寛永五年。長崎奉行所与力佐々木伊織は狩りの帰りに川で汗を流していたところ、左腕をマムシに噛まれた。激しい痛みに耐えられずにしゃがみ込むと、偶然通りかかった野良着姿の娘登世が駆け寄ると口で毒を吸い出した。彼女の迅速な手当てにより伊織は酷く苦しまずに済んだのだった。小作人の家族と慎ましい生活を送る登世に好意を持った彼は度々訪れるようになったが、ある日家の様子がいつも違うことに気づいた。登世の姿を捜していると荒れた家から御用聞きの弥吉が現れ、この家の者は邪宗徒として奉行所に連行したと言った。動揺した伊織が証拠の品を見せよと言うと、弥吉は懐から十字架の首飾りを取り出して見せたのだった。
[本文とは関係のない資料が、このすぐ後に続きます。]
text \<open>The hypothesis only provides an orthonormal basis of \<open>'h\<close>.\<close>
lemma hilbert_schmidt_rank_one:
  fixes A :: "'h::real_inner \<Rightarrow> 'k::real_normed_vector" and h :: 'h and g :: "'g::real_normed_vector"
  assumes "cme_hilbert_schmidt A"
  shows "cme_hilbert_schmidt (\<lambda>y. (h \<bullet> y) *\<^sub>R g)"
proof -
  obtain E where E: "orthonormal E" "closure (span E) = UNIV" "(\<lambda>e. (norm (A e))\<^sup>2) summable_on E"
    using assms by (rule hilbert_schmidt_basis)
  have "x \<le> (norm h)\<^sup>2" if "x \<in> sum (\<lambda>e. (h \<bullet> e)\<^sup>2) ` {F. F \<subseteq> E \<and> finite F}" for x
  proof -
    from that obtain F where "F \<subseteq> E" "finite F" "x = (\<Sum>e\<in>F. (h \<bullet> e)\<^sup>2)"
      by blast
    then show ?thesis using bessel_inequality[OF E(1), of F h] by simp
  qed
  then have "bdd_above (sum (\<lambda>e. (h \<bullet> e)\<^sup>2) ` {F. F \<subseteq> E \<and> finite F})"
    by (rule bdd_aboveI)
  then have "(\<lambda>e. (h \<bullet> e)\<^sup>2) summable_on E"
    by (rule nonneg_bdd_above_summable_on[rotated]) simp
  then have "(\<lambda>e. (norm g)\<^sup>2 * (h \<bullet> e)\<^sup>2) summable_on E"
    by (rule summable_on_cmult_right)
  moreover have "(norm ((h \<bullet> e) *\<^sub>R g))\<^sup>2 = (norm g)\<^sup>2 * (h \<bullet> e)\<^sup>2" for e
    by (simp add: power_mult_distrib mult.commute)
  ultimately have summable: "(\<lambda>e. (norm ((h \<bullet> e) *\<^sub>R g))\<^sup>2) summable_on E"
    by simp
  have "bounded_linear (\<lambda>y. (h \<bullet> y) *\<^sub>R g)"
    by (rule bounded_linear_compose[OF bounded_linear_scaleR_left bounded_linear_inner_right])
  then show ?thesis
    using E(2) summable unfolding cme_hilbert_schmidt_def
    by (intro conjI exI[of _ E]) (use E(1) in \<open>simp_all add: orthonormal_def\<close>)
qed

section \<open>The tensor product and the RKHS as function spaces\<close>

lemma tensor_obtain:
  assumes "u \<in> cme_tensor \<phi>"
  obtains A where "cme_hilbert_schmidt A" "u = (\<lambda>x. A (\<phi> x))"
  using assms unfolding cme_tensor_def by blast

lemma rkhs_fun_inner [simp, intro]: "(\<lambda>x. h \<bullet> \<phi> x) \<in> cme_rkhs_fun \<phi>"
  unfolding cme_rkhs_fun_def by blast
function prod :: "opk \<Rightarrow> tree \<Rightarrow> tree \<Rightarrow> tree multiset" where
  "prod Star x y =
     (if x = Leaf then {#y#} else if y = Leaf then {#x#}
      else prod Prec x y + prod Dot x y + prod Succ x y)"
| "prod Prec Leaf y = {#}"
| "prod Prec (Node xs) y =
     (if xs = [] then {#} else
      graft (map (\<lambda>a. {#a#}) (butlast xs) @ [prod Star (last xs) y]))"
| "prod Dot Leaf y = {#}"
| "prod Dot (Node xs) Leaf = {#}"
| "prod Dot (Node xs) (Node ys) =
     (if xs = [] \<or> ys = [] then {#} else
      graft (map (\<lambda>a. {#a#}) (butlast xs) @ [prod Star (last xs) (hd ys)]
             @ map (\<lambda>a. {#a#}) (tl ys)))"
| "prod Succ x Leaf = {#}"
| "prod Succ x (Node ys) =
     (if ys = [] then {#} else
      graft (prod Star x (hd ys) # map (\<lambda>a. {#a#}) (tl ys)))"
  by pat_completeness auto
termination
  by (relation "measure (\<lambda>(op, x, y). 2 * (size x + size y) + (if op = Star then 1 else 0))")
     (auto, (fastforce dest: size_last_less size_hd_less)+)

definition prec :: "tree \<Rightarrow> tree \<Rightarrow> tree multiset" where "prec = prod Prec"
definition dotp :: "tree \<Rightarrow> tree \<Rightarrow> tree multiset" where "dotp = prod Dot"
definition succ :: "tree \<Rightarrow> tree \<Rightarrow> tree multiset" where "succ = prod Succ"

text \<open>rbranch t lists, from the root up, the forests F_i of non-right-most children
  of the internal vertices on the right-most branch of t.\<close>
function rbranch :: "tree \<Rightarrow> tree list list" where
  "rbranch Leaf = []"
| "rbranch (Node cs) = (if cs = [] then [[]] else butlast cs # rbranch (last cs))"
  by pat_completeness auto
termination
  by (relation "measure size") (auto dest: size_last_less)

text \<open>lbranch s lists, from the root up, the forests of non-left-most children
  of the internal vertices on the left-most branch of s.\<close>
function lbranch :: "tree \<Rightarrow> tree list list" where
  "lbranch Leaf = []"
| "lbranch (Node cs) = (if cs = [] then [[]] else tl cs # lbranch (hd cs))"
  by pat_completeness auto
termination
  by (relation "measure size") (auto dest: size_hd_less)

definition QSh :: "nat \<Rightarrow> nat \<Rightarrow> (nat \<Rightarrow> nat) set" where
  "QSh k l = {\<sigma>. \<sigma> \<in> extensional {1..k+l}
                 \<and> (\<exists>n. \<sigma> ` {1..k+l} = {1..n})
                 \<and> strict_mono_on {1..k} \<sigma>
                 \<and> strict_mono_on {k+1..k+l} \<sigma>}"

text \<open>ladder F \<sigma> k l m p builds the part of the ladder from vertex u_p upwards,
  with m internal vertices u_p, ..., u_(p+m-1); F is the list F_1, ..., F_(k+l)
  (0-indexed).\<close>
primrec ladder :: "tree list list \<Rightarrow> (nat \<Rightarrow> nat) \<Rightarrow> nat \<Rightarrow> nat \<Rightarrow> nat \<Rightarrow> nat \<Rightarrow> tree" where
  "ladder F \<sigma> k l 0 p = Leaf"
| "ladder F \<sigma> k l (Suc m) p =
     Node (concat (map (\<lambda>i. F ! (i - 1)) (filter (\<lambda>i. \<sigma> i = p) [1..<k+1]))
           @ [ladder F \<sigma> k l m (Suc p)]
           @ concat (map (\<lambda>i. F ! (i - 1)) (filter (\<lambda>i. \<sigma> i = p) [k+1..<k+l+1])))"
(* Let $w\in\mathbb{Q}^{V_+}_{\ge0}$, $b\in\mathbb{Z}^{V_+}_{\ge0}$, $\emptyset\ne S\subseteq V_+$ and $k'\in\mathbb{Z}_{>0}$, and assume $k_\xi(S)-k'\le b(S)$ for every $\xi\in[N]$. For each $\xi$, write $S=\{v_1,\dots,v_\ell\}$ with $w_{v_1}\le\dots\le w_{v_\ell}$, let $j\in[\ell]$ be the smallest index with $k_\xi(S)-k'\le\sum_{i\in[j]}b_{v_i}$, and set $\bar\alpha^\xi_S=\mathbb{I}(k_\xi(S)>k')\,w_{v_j}$ and $\bar\beta^\xi_v=\mathbb{I}(v\in\{v_1,\dots,v_{j-1}\})(w_v-w_{v_j})$ for $v\in V_+$. Define $\hat\alpha^\xi_{S'}=\mathbb{I}(S'=S)\,p_\xi\bar\alpha^\xi_S$ for all $\emptyset\ne S'\subseteq V_+$, $\xi\in[N]$, and $\hat\beta^\xi_v=p_\xi\bar\beta^\xi_v$. Then $(\hat\alpha,\hat\beta)\in\mathcal{A}$, and for every $\bar x\in\{x\in\mathcal{X}:x(E(S))\le|S|-k'\}$ every $\theta\in\operatorname{proj}_\theta(\Gamma(\bar x,\hat\alpha,\hat\beta))$ satisfies $$\theta(S)\ge\mathcal{L}^*(S,k')\cdot\big(1+\bar x(E(S))-|S|+k'\big).$$ In particular, if $x(E(S))\le|S|-k'$ is valid for $\mathcal{P}$, then the inequality $\theta(S)\ge\mathcal{L}^*(S,k')(1+x(E(S))-|S|+k')$ (with $x$ free) is valid for $\mathcal{P}$.
   Context: $G=(V,E)$ complete undirected graph, $V=\{0\}\cup V_+$ ($V_+$ customers), edge costs $c\in\mathbb{Q}^E_{\ge0}$; capacity $C>0$; scenarios $\xi\in[N]$ with demands $d^\xi\in\mathbb{Q}^{V_+}_{\ge0}$ ($d^\xi(v)\le C$) and probabilities $p_\xi\ge0$, $\sum_\xi p_\xi=1$. $f(S)=\sum_{i\in S}f(i)$; $k_\xi(S)=\lceil d^\xi(S)/C\rceil$; $\bar d=\sum_\xi p_\xi d^\xi$; $\mathbb{I}$ is the indicator; $E(S)$ edges with both ends in $S$, $\delta(S)$ edges with exactly one end in $S$. $\mathcal{X}$ is one of $\mathcal{X}_{\mathrm{sub}}=\{x\in[0,2]^E: x(\delta(v))=2\ \forall v\in V_+,\ x(E(S))\le|S|-1\ \forall\emptyset\ne S\subseteq V_+\}$ or $\mathcal{X}_{\mathrm{cvrp}}=\mathcal{X}_{\mathrm{sub}}\cap\{x:x(\delta(0))=2k,\ x(E(S))\le|S|-\lceil\bar d(S)/C\rceil\ \forall \emptyset\ne S\subseteq V_+\}$ ($k$ a given positive integer). Vectors $y\in\mathbb{R}^{[N]\times V_+}$ have entries $y^\xi_v$; $[\mathbf 0,b]^N=\{y:0\le y^\xi_v\le b_v\}$. Multipliers: $\alpha=(\alpha^\xi_S)_{\xi\in[N],\emptyset\ne S\subseteq V_+}\ge0$, $\beta=(\beta^\xi_v)\le0$. Define $\nu(\alpha,\beta)=\sum_\xi\sum_S\alpha^\xi_S(k_\xi(S)-|S|)+\sum_\xi\sum_{v}\beta^\xi_v b_v$. $\mathcal{A}$ is the set of $(\alpha,\beta)$ with $\alpha\ge0$, $\beta\le0$ and $\beta^\xi_v+\sum_{S\ni v}\alpha^\xi_S\le0$ for all $\xi$ and all $v$ with $w_v=0$. For $\bar x\in\mathcal{X}$, $\Gamma(\bar x,\alpha,\beta)$ is the set of $(\theta,y)\in\mathbb{R}^{V_+}_{\ge0}\times[\mathbf 0,b]^N$ with $\sum_\xi\sum_v(\beta^\xi_v+\sum_{S\ni v}\alpha^\xi_S)y^\xi_v\ge\sum_\xi\sum_S\alpha^\xi_S\bar x(E(S))+\nu(\alpha,\beta)$ and $\theta_v\ge\sum_\xi p_\xi w_v y^\xi_v$ for all $v\in V_+$; $\operatorname{proj}_\theta$ is its projection onto $\theta$. $\mathcal{P}=\{(x,\theta):x\in\mathcal{X},\ \theta\in\operatorname{proj}_\theta(\widehat{\mathrm{SRI}}(x))\}$, where $\widehat{\mathrm{SRI}}(x)$ is the set of $(\theta,y)\in\mathbb{R}^{V_+}_{\ge0}\times[\mathbf 0,b]^N$ with $y^\xi(S)\ge k_\xi(S)+x(E(S))-|S|$ for all $\emptyset\ne S\subseteq V_+$, $\xi\in[N]$, and $\theta_v\ge\sum_\xi p_\xi w_v y^\xi_v$ for all $v$. Finally $\mathcal{L}^*(S,k')=\sum_\xi p_\xi\mathcal{L}^*_\xi(S,k')$ where $\mathcal{L}^*_\xi(S,k')=\min\{\sum_{v\in V_+}w_vy_v: y(S)\ge k_\xi(S)-k',\ y_v\le b_v\ \forall v\in V_+,\ y\ge0\}$. *)

theory Defs
  imports "HOL-Analysis.Analysis"
begin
徳川幕府は封建支配を維持するために犯罪者に対して常に厳刑を以ってあたった。特に禁教令に背く邪宗徒への弾圧は凄惨を極め、その拷問刑罰は残虐なものだった。長崎奉行高坂主膳は拷問を娯楽と考えており、お仕置場で行われる拷問のやり方に飽きれば筆頭与力の黒田掃門に新たな手段を考えてもらうのだ。そして時には欲求に応えるために自ら手を下した。ある夜、伊織を部屋に呼び出した主膳は若いお前にもっと働き甲斐のある役職につけてやると言った。恐縮する伊織に主膳は宿直の役を命ずると言い渡し、その代わりに如何様なことがあってもその場を離れてはならぬと約束させた。間もなく奥の部屋に灯りがともるとそこには手足を縛られた裸の登世が布団の上にいた。自ら命を絶てない邪宗徒の教えを逆手にとって主膳は登世を辱め処女を奪ったのだった。その様子を見せつけられた伊織だったがどうしようもなかった。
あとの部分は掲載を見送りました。